───── Data under study
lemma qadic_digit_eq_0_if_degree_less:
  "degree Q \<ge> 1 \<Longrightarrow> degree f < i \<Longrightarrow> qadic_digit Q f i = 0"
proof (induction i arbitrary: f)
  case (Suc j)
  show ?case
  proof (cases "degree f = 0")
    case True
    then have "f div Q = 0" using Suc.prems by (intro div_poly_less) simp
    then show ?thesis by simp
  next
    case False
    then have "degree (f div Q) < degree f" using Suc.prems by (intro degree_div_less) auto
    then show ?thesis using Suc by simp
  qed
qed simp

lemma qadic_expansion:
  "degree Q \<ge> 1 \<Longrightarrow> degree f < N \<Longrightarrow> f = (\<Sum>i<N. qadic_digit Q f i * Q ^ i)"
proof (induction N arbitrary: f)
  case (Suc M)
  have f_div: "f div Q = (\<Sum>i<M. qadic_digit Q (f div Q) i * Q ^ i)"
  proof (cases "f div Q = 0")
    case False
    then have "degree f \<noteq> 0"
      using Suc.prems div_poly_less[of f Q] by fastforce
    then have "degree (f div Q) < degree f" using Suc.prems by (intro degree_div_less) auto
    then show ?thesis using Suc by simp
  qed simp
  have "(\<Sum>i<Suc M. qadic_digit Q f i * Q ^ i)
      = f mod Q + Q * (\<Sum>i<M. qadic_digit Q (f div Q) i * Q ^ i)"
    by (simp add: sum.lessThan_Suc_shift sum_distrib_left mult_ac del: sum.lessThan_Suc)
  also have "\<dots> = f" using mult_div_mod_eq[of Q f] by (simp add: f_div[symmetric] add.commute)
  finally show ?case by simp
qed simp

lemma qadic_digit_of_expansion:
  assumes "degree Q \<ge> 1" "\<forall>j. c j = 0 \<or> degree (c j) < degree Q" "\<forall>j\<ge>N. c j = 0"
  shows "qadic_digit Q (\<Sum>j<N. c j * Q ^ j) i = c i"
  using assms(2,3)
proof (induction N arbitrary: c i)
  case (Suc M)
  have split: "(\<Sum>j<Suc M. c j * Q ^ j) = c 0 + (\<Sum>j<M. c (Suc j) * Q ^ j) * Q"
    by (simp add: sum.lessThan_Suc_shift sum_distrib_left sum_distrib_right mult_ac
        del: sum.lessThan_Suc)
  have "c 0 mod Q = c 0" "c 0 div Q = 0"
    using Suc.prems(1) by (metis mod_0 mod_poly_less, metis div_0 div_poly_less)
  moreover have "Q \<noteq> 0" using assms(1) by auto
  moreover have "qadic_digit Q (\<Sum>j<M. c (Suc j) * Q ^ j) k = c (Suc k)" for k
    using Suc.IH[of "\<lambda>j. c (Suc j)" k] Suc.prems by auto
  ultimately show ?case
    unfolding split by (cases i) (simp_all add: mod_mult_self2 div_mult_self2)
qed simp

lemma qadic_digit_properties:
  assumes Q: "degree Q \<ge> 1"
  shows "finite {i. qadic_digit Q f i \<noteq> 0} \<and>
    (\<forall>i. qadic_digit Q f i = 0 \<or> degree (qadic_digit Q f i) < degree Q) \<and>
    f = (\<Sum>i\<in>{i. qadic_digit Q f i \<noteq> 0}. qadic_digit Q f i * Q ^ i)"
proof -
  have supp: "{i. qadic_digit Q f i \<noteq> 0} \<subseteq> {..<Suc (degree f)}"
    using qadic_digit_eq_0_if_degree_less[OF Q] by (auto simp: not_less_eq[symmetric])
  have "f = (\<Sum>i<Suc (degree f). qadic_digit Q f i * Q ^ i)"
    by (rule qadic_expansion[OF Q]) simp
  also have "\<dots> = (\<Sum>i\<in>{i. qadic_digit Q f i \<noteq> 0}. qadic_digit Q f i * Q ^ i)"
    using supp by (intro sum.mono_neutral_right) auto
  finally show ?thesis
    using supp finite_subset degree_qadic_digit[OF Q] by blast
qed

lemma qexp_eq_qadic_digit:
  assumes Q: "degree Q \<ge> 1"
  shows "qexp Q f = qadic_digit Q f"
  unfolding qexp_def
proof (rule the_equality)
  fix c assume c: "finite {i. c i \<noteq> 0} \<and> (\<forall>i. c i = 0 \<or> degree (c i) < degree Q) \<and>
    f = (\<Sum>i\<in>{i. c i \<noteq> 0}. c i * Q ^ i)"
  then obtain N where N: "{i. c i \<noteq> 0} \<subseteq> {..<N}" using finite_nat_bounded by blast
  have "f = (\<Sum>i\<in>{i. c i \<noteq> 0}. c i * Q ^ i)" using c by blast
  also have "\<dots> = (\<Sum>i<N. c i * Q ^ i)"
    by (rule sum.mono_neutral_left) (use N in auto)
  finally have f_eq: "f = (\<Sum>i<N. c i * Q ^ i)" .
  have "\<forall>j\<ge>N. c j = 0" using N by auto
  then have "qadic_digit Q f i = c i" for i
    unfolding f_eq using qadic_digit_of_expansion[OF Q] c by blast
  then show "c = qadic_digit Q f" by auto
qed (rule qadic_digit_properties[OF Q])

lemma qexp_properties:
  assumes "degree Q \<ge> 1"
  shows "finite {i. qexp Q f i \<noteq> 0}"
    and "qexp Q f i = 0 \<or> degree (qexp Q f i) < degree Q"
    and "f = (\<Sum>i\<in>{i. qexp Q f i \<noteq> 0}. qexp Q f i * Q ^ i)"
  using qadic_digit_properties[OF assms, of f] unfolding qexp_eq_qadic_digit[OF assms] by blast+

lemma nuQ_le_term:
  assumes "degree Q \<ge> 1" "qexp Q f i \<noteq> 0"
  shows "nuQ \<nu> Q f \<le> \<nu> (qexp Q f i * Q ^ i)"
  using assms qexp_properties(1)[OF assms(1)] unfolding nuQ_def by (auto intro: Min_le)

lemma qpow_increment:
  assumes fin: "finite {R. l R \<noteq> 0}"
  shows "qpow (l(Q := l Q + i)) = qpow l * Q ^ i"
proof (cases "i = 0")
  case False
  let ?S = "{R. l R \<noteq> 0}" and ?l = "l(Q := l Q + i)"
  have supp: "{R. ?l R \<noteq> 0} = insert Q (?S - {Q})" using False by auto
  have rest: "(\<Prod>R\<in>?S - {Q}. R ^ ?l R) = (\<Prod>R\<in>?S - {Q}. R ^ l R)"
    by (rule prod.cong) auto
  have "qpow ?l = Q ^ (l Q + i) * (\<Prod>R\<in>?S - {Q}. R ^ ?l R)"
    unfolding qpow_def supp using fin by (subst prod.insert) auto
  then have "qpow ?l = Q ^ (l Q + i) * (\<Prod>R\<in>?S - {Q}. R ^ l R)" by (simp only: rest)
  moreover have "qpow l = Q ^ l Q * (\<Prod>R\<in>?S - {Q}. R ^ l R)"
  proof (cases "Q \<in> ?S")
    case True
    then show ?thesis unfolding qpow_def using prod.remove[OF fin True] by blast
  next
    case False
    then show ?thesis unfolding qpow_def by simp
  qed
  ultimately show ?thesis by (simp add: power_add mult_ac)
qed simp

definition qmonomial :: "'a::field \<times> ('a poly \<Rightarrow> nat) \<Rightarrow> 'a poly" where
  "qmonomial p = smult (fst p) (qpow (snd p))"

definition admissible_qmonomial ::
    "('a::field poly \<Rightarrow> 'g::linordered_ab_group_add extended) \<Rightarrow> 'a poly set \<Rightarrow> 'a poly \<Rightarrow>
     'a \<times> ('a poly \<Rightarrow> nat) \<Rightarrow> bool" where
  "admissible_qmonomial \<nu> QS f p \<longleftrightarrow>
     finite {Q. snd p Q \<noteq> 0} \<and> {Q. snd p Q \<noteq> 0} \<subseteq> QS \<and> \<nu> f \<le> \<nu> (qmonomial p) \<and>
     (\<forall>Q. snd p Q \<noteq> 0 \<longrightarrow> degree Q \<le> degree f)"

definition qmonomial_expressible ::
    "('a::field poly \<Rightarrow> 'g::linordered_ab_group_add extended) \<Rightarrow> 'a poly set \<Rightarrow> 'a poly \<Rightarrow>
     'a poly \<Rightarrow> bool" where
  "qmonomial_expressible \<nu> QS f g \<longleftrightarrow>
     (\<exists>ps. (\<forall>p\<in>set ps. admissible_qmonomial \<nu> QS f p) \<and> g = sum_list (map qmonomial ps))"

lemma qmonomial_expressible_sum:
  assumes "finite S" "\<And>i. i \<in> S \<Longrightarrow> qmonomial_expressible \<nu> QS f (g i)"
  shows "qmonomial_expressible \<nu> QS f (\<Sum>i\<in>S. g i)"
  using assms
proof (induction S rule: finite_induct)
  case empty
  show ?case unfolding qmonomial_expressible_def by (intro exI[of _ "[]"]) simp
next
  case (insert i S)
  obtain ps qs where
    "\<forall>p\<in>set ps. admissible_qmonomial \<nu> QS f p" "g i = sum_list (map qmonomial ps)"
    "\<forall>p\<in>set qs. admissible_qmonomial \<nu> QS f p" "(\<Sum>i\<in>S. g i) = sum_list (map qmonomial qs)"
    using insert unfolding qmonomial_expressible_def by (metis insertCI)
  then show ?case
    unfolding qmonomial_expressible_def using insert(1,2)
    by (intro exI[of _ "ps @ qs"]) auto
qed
──────────
:: Directions for this task ::
Would you please copy exactly the part of the entries above that begins at the line containing "degree (c j)" and ends at the line containing "0 + (\<Sum>j<M.", both lines included?

:: Answer section ::
  assumes "degree Q \<ge> 1" "\<forall>j. c j = 0 \<or> degree (c j) < degree Q" "\<forall>j\<ge>N. c j = 0"
  shows "qadic_digit Q (\<Sum>j<N. c j * Q ^ j) i = c i"
  using assms(2,3)
proof (induction N arbitrary: c i)
  case (Suc M)
  have split: "(\<Sum>j<Suc M. c j * Q ^ j) = c 0 + (\<Sum>j<M. c (Suc j) * Q ^ j) * Q"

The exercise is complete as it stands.